A default StorageClass is also required, to allow the creation of PVCs to persist the results of the scans. In the case of our Single Node OpenShift deployment, we are using the LVMO operator, but in a multi nodes cluster, ODF can be used instead. Installation of those operators is outside the scope of this blog post, and left as an exercise to the reader.

Installation

The Compliance Operator can be installed using OLM and is available on the OperatorHub, so the procedure is the same as installing any other operator on OpenShift

We create a Namespace, an OperatorGroup and a Subscription object.
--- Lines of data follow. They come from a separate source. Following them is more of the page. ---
lemma proper_ddgE:
  assumes "proper_ddg W F nV K l1 l2 m n"
  obtains P where "finite W" "\<And>x. x \<in> W \<Longrightarrow> degree W F x = K"
    "partition_on W P" "card P = m" "\<And>X. X \<in> P \<Longrightarrow> card X = n"
    "\<And>X x y. X \<in> P \<Longrightarrow> x \<in> X \<Longrightarrow> y \<in> X \<Longrightarrow> x \<noteq> y \<Longrightarrow> common_nbrs W F x y = l1"
    "\<And>X Y x y. X \<in> P \<Longrightarrow> Y \<in> P \<Longrightarrow> X \<noteq> Y \<Longrightarrow> x \<in> X \<Longrightarrow> y \<in> Y \<Longrightarrow> common_nbrs W F x y = l2"
    "m \<noteq> 1" "n \<noteq> 1" "l1 \<noteq> l2" "W \<noteq> {}"
proof -
  have D: "divisible_design_graph W F nV K l1 l2 m n" and ne: "m \<noteq> 1" "n \<noteq> 1" "l1 \<noteq> l2"
    using assms unfolding proper_ddg_def by auto
  have fin: "finite W" and W: "W \<noteq> {}" and deg: "\<And>x. x \<in> W \<Longrightarrow> degree W F x = K"
    using D unfolding divisible_design_graph_def sgraph_def by auto
  obtain P where P: "partition_on W P" "card P = m" "\<And>X. X \<in> P \<Longrightarrow> card X = n"
    "\<And>X x y. X \<in> P \<Longrightarrow> x \<in> X \<Longrightarrow> y \<in> X \<Longrightarrow> x \<noteq> y \<Longrightarrow> common_nbrs W F x y = l1"
    "\<And>X Y x y. X \<in> P \<Longrightarrow> Y \<in> P \<Longrightarrow> X \<noteq> Y \<Longrightarrow> x \<in> X \<Longrightarrow> y \<in> Y \<Longrightarrow> common_nbrs W F x y = l2"
    using D unfolding divisible_design_graph_def by auto
  show thesis by (rule that[OF fin deg P ne W])
qed

lemma proper_ddg_card:
  assumes "proper_ddg W F nV K l1 l2 m n"
  shows "card W = m * n" "2 \<le> m" "2 \<le> n"
proof -
  obtain P where fin: "finite W" and P: "partition_on W P" "card P = m" "\<And>X. X \<in> P \<Longrightarrow> card X = n"
    and "m \<noteq> 1" "n \<noteq> 1" "W \<noteq> {}"
    using assms by (rule proper_ddgE) blast
  have finX: "finite X" if "X \<in> P" for X
    using that P(1) fin by (metis Sup_upper partition_onD1 rev_finite_subset)
  show "card W = m * n" using product_partition[OF P(1) finX] P(2,3) by simp
  have "P \<noteq> {}" using \<open>W \<noteq> {}\<close> P(1) by (auto dest: partition_onD1)
  then obtain X where "X \<in> P" by blast
  then have "X \<noteq> {}" using P(1) by (auto dest: partition_onD3)
  then have "n \<noteq> 0" using P(3) finX \<open>X \<in> P\<close> by fastforce
  moreover have "m \<noteq> 0" using \<open>P \<noteq> {}\<close> P(2) finite_elements[OF fin P(1)] by (metis card_0_eq)
  ultimately show "2 \<le> m" "2 \<le> n" using \<open>m \<noteq> 1\<close> \<open>n \<noteq> 1\<close> by auto
qed

lemma quadratic_common_roots:
  fixes r s A B :: real
  assumes "r\<^sup>2 = A + B * r" "s\<^sup>2 = A + B * s" "r \<noteq> s"
  shows "B = r + s" "A = - (r * s)"
proof -
  have "(r - s) * (r + s) = (r - s) * B"
    using assms(1,2) by (simp add: algebra_simps power2_eq_square)
  then show "B = r + s" using assms(3) by simp
  then show "A = - (r * s)" using assms(1) by (simp add: algebra_simps power2_eq_square)
qed

text \<open>In the application, a is the number of neighbours in the coclique C of every vertex outside C,
  c and N are the sizes of C and of its complement, and t is the number of common C-neighbours of two
  vertices in different canonical classes; the two count equations are the first and second moments of
  the number of common C-neighbours of a fixed outside vertex with all outside vertices.\<close>

lemma two_level_counts_factor:
  fixes a k mu N n t :: real
  assumes "mu = k - a\<^sup>2" "mu * N = k * (k - a)"
    and "n * a + (N - n) * t = a * k"
    and "n * a\<^sup>2 + (N - n) * t\<^sup>2 = a * (mu * a + k - mu)"
  shows "a ^ 4 * ((a - 1) * (k - a * n)) = 0"
proof -
  have sq: "(N - n) * ((N - n) * t\<^sup>2) = ((N - n) * t)\<^sup>2" by (simp add: power2_eq_square)
  have "(N - n) * t = a * (k - n)" using assms(3) by (simp add: algebra_simps)
  moreover have "(N - n) * t\<^sup>2 = a * (mu * a + k - mu) - n * a\<^sup>2" using assms(4) by simp
  ultimately have "(N - n) * (a * (mu * a + k - mu) - n * a\<^sup>2) = (a * (k - n))\<^sup>2"
    using sq by simp
  moreover have "mu * (N - n) = k * (k - a) - mu * n" using assms(2) by (simp add: algebra_simps)
  ultimately have "(k * (k - a) - mu * n) * (a * (mu * a + k - mu) - n * a\<^sup>2) = mu * (a * (k - n))\<^sup>2"
    by (metis mult.assoc)
  moreover have "(k * (k - a) - mu * n) * (a * (mu * a + k - mu) - n * a\<^sup>2) - mu * (a * (k - n))\<^sup>2
      = a ^ 4 * ((a - 1) * (k - a * n))"
    unfolding assms(1) by (simp add: algebra_simps power2_eq_square power4_eq_xxxx)
  ultimately show ?thesis by simp
qed

lemma two_level_counts_k:
  fixes a k mu c N m n t :: real
  assumes a: "0 < a" and mu: "mu = k - a\<^sup>2" and cmu: "c * mu = a * (k - a)"
    and Na: "N * a = c * k" and N: "N = m * n" and m: "2 \<le> m" and n: "2 \<le> n" and t: "t \<noteq> a"
    and e1: "n * a + (N - n) * t = a * k"
    and e2: "n * a\<^sup>2 + (N - n) * t\<^sup>2 = a * (mu * a + k - mu)"
  shows "k = a * n"
proof -
  have "a * (mu * N) = a * (k * (k - a))"
    using Na cmu by (metis mult.commute mult.left_commute)
  then have muN: "mu * N = k * (k - a)" using a by simp
  have "a \<noteq> 1"
  proof
    assume a1: "a = 1"
    have "N - n = (m - 1) * n" using N by (simp add: algebra_simps)
    then have "N - n > 0" using m n by simp
    moreover have "(N - n) * t = (N - n) * t\<^sup>2" using e1 e2 mu a1 by (simp add: algebra_simps)
    ultimately have "t = t\<^sup>2" by simp
    then have "t * (t - 1) = 0" by (simp add: power2_eq_square algebra_simps)
    then have "t = 0" using t a1 by simp
    then have "k = n" using e1 a1 by simp
    then have "c * (k - 1) = 1 * (k - 1)" "k \<noteq> 1" using cmu mu a1 n by simp_all
    then have "c = 1" by simp
    then have "N = n" using Na a1 \<open>k = n\<close> by simp
    then show False using N m n by simp
  qed
  then show ?thesis using two_level_counts_factor[OF mu muN e1 e2] a by simp
qed

lemma ddg_parameters_from_counts:
  fixes a k mu c v N m n t :: real
  assumes a: "0 < a" and mu: "mu = k - a\<^sup>2" and cmu: "c * mu = a * (k - a)"
    and Na: "N * a = c * k" and v: "v = N + c" and N: "N = m * n"
    and m: "2 \<le> m" and n: "2 \<le> n" and t: "t \<noteq> a"
    and e1: "n * a + (N - n) * t = a * k"
    and e2: "n * a\<^sup>2 + (N - n) * t\<^sup>2 = a * (mu * a + k - mu)"
  shows "c = m \<and> v = a * (n\<^sup>2 - 1) / (n - a) \<and> k = a * n \<and> mu = a * (n - a)"
proof -
  have k: "k = a * n" by (rule two_level_counts_k[OF a mu cmu Na N m n t e1 e2])
  have mu_an: "mu = a * (n - a)" using mu k by (simp add: algebra_simps power2_eq_square)
  have "a * (c * (n - a)) = a * (a * (n - 1))"
    using cmu mu_an k by (simp add: algebra_simps)
  then have cna: "c * (n - a) = a * (n - 1)" using a by simp
  then have "n \<noteq> a" using a n by auto
  have "a * N = a * (c * n)" using Na k by (simp add: algebra_simps)
  then have Ncn: "N = c * n" using a by simp
  then have "c = m" using N n by simp
  moreover have "v = a * (n\<^sup>2 - 1) / (n - a)"
  proof -
    have "v * (n - a) = (n + 1) * (c * (n - a))" using v Ncn by (simp add: algebra_simps)
    also have "\<dots> = a * (n\<^sup>2 - 1)" unfolding cna by (simp add: algebra_simps power2_eq_square)
    finally show ?thesis using \<open>n \<noteq> a\<close> by (simp add: field_simps)
  qed
  ultimately show ?thesis using k mu_an by simp
qed

locale srg =
  fixes V :: "'a set" and E :: "'a \<Rightarrow> 'a \<Rightarrow> bool" and v k lam mu :: nat
  assumes strongly_regular: "strongly_regular V E v k lam mu"
begin

lemma finite_V: "finite V"
  and card_V: "card V = v"
  and adj_in_V: "E x y \<Longrightarrow> x \<in> V" "E x y \<Longrightarrow> y \<in> V"
  and adj_sym: "E x y \<Longrightarrow> E y x"
  and adj_irrefl: "\<not> E x x"
  and card_nbrs: "x \<in> V \<Longrightarrow> card {w\<in>V. E x w} = k"
  using strongly_regular unfolding strongly_regular_def sgraph_def degree_def by blast+

lemma card_common_nbrs:
  assumes "x \<in> V" "y \<in> V"
  shows "card {w\<in>V. E x w \<and> E y w} = (if x = y then k else if E x y then lam else mu)"
  using assms strongly_regular card_nbrs[of x]
  unfolding strongly_regular_def common_nbrs_def by auto

definition adj :: "('a \<Rightarrow> real) \<Rightarrow> 'a \<Rightarrow> real" where
  "adj f u = (\<Sum>w\<in>V. if E u w then f w else 0)"

lemma adj_eigenvalue_iff:
  "adj_eigenvalue V E \<theta> \<longleftrightarrow> (\<exists>f. (\<exists>u\<in>V. f u \<noteq> 0) \<and> (\<forall>u\<in>V. adj f u = \<theta> * f u))"
  unfolding adj_eigenvalue_def adj_def ..

lemma adj_cong: "(\<And>w. w \<in> V \<Longrightarrow> f w = g w) \<Longrightarrow> adj f u = adj g u"
  unfolding adj_def by (rule sum.cong) auto

lemma adj_scale: "adj (\<lambda>w. c * f w) u = c * adj f u"
  unfolding adj_def by (simp add: sum_distrib_left if_distrib cong: if_cong)

lemma sum_adj: "(\<Sum>u\<in>V. adj f u) = real k * (\<Sum>w\<in>V. f w)"
proof -
  have "(\<Sum>u\<in>V. adj f u) = (\<Sum>w\<in>V. \<Sum>u\<in>V. if E u w then f w else 0)"
    unfolding adj_def by (rule sum.swap)
  also have "\<dots> = (\<Sum>w\<in>V. real k * f w)"
  proof (rule sum.cong[OF refl])
    fix w assume w: "w \<in> V"
    have "(\<Sum>u\<in>V. if E u w then f w else 0) = (\<Sum>u\<in>V. f w * (if E w u then 1 else 0))"
      by (rule sum.cong) (auto dest: adj_sym)
    also have "\<dots> = f w * real (card {u\<in>V. E w u})"
      by (simp add: real_card_filter_eq_sum[OF finite_V] sum_distrib_left)
    finally show "(\<Sum>u\<in>V. if E u w then f w else 0) = real k * f w" using card_nbrs[OF w] by simp
  qed
  finally show ?thesis by (simp add: sum_distrib_left)
qed

lemma adj_adj:
  assumes u: "u \<in> V"
  shows "adj (adj f) u
    = (real k - real mu) * f u + (real lam - real mu) * adj f u + real mu * (\<Sum>w\<in>V. f w)"
proof -
  have "adj (adj f) u = (\<Sum>w\<in>V. \<Sum>y\<in>V. if E u w \<and> E w y then f y else 0)"
    unfolding adj_def by (rule sum.cong) (auto intro: sum.cong)
  also have "\<dots> = (\<Sum>y\<in>V. \<Sum>w\<in>V. if E u w \<and> E w y then f y else 0)"
    by (rule sum.swap)
  also have "\<dots> = (\<Sum>y\<in>V. real (card {w\<in>V. E u w \<and> E y w}) * f y)"
  proof (rule sum.cong[OF refl])
    fix y
    have "(\<Sum>w\<in>V. if E u w \<and> E w y then f y else 0)
        = (\<Sum>w\<in>V. f y * (if E u w \<and> E y w then 1 else 0))"
      by (rule sum.cong) (auto dest: adj_sym)
    then show "(\<Sum>w\<in>V. if E u w \<and> E w y then f y else 0)
        = real (card {w\<in>V. E u w \<and> E y w}) * f y"
      by (simp add: real_card_filter_eq_sum[OF finite_V] sum_distrib_left[symmetric] mult.commute)
  qed
  also have "\<dots> = (\<Sum>y\<in>V. real mu * f y + (if y = u then (real k - real mu) * f y else 0)
        + (if E u y then (real lam - real mu) * f y else 0))"
    by (rule sum.cong[OF refl]) (auto simp: card_common_nbrs[OF u] algebra_simps adj_irrefl)
  also have "\<dots> = (\<Sum>y\<in>V. real mu * f y) + (\<Sum>y\<in>V. if y = u then (real k - real mu) * f y else 0)
        + (\<Sum>y\<in>V. if E u y then (real lam - real mu) * f y else 0)"
    by (simp add: sum.distrib)
  also have "\<dots> = real mu * (\<Sum>w\<in>V. f w) + (real k - real mu) * f u
        + (real lam - real mu) * adj f u"
    using u finite_V by (simp add: sum_distrib_left adj_def if_distrib cong: if_cong)
  finally show ?thesis by simp
qed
Below are the YAML files and commands used to create those objects on our cluster:

namespace.yaml

---
apiVersion: v1
kind: Namespace
metadata:
  labels:
    openshift.io/cluster-monitoring: "true"
  name: openshift-compliance

Command to create the Namespace object.

oc apply -f namespace.yaml

operator-group.yaml

---
apiVersion: operators.coreos.com/v1
kind: OperatorGroup
metadata:
name: compliance-operator
namespace: openshift-compliance
spec:
targetNamespaces:
- openshift-compliance

Command to create the OperatorGroup object.

oc apply -f operator-group.yaml

subscription.yaml

---
apiVersion: operators.coreos.com/v1alpha1
kind: Subscription
metadata:
name: compliance-operator-sub
namespace: openshift-compliance
spec:
channel: "release-0.1"
installPlanApproval: Automatic
name: compliance-operator
source: redhat-operators
sourceNamespace: openshift-marketplace

Command to create the Subscription.

oc apply -f subscription.yaml

Once those objects are applied to our cluster, we can check if the operator is installed, for that matter, a couple of things can be checked. The first one is the ClusterServiceVersion.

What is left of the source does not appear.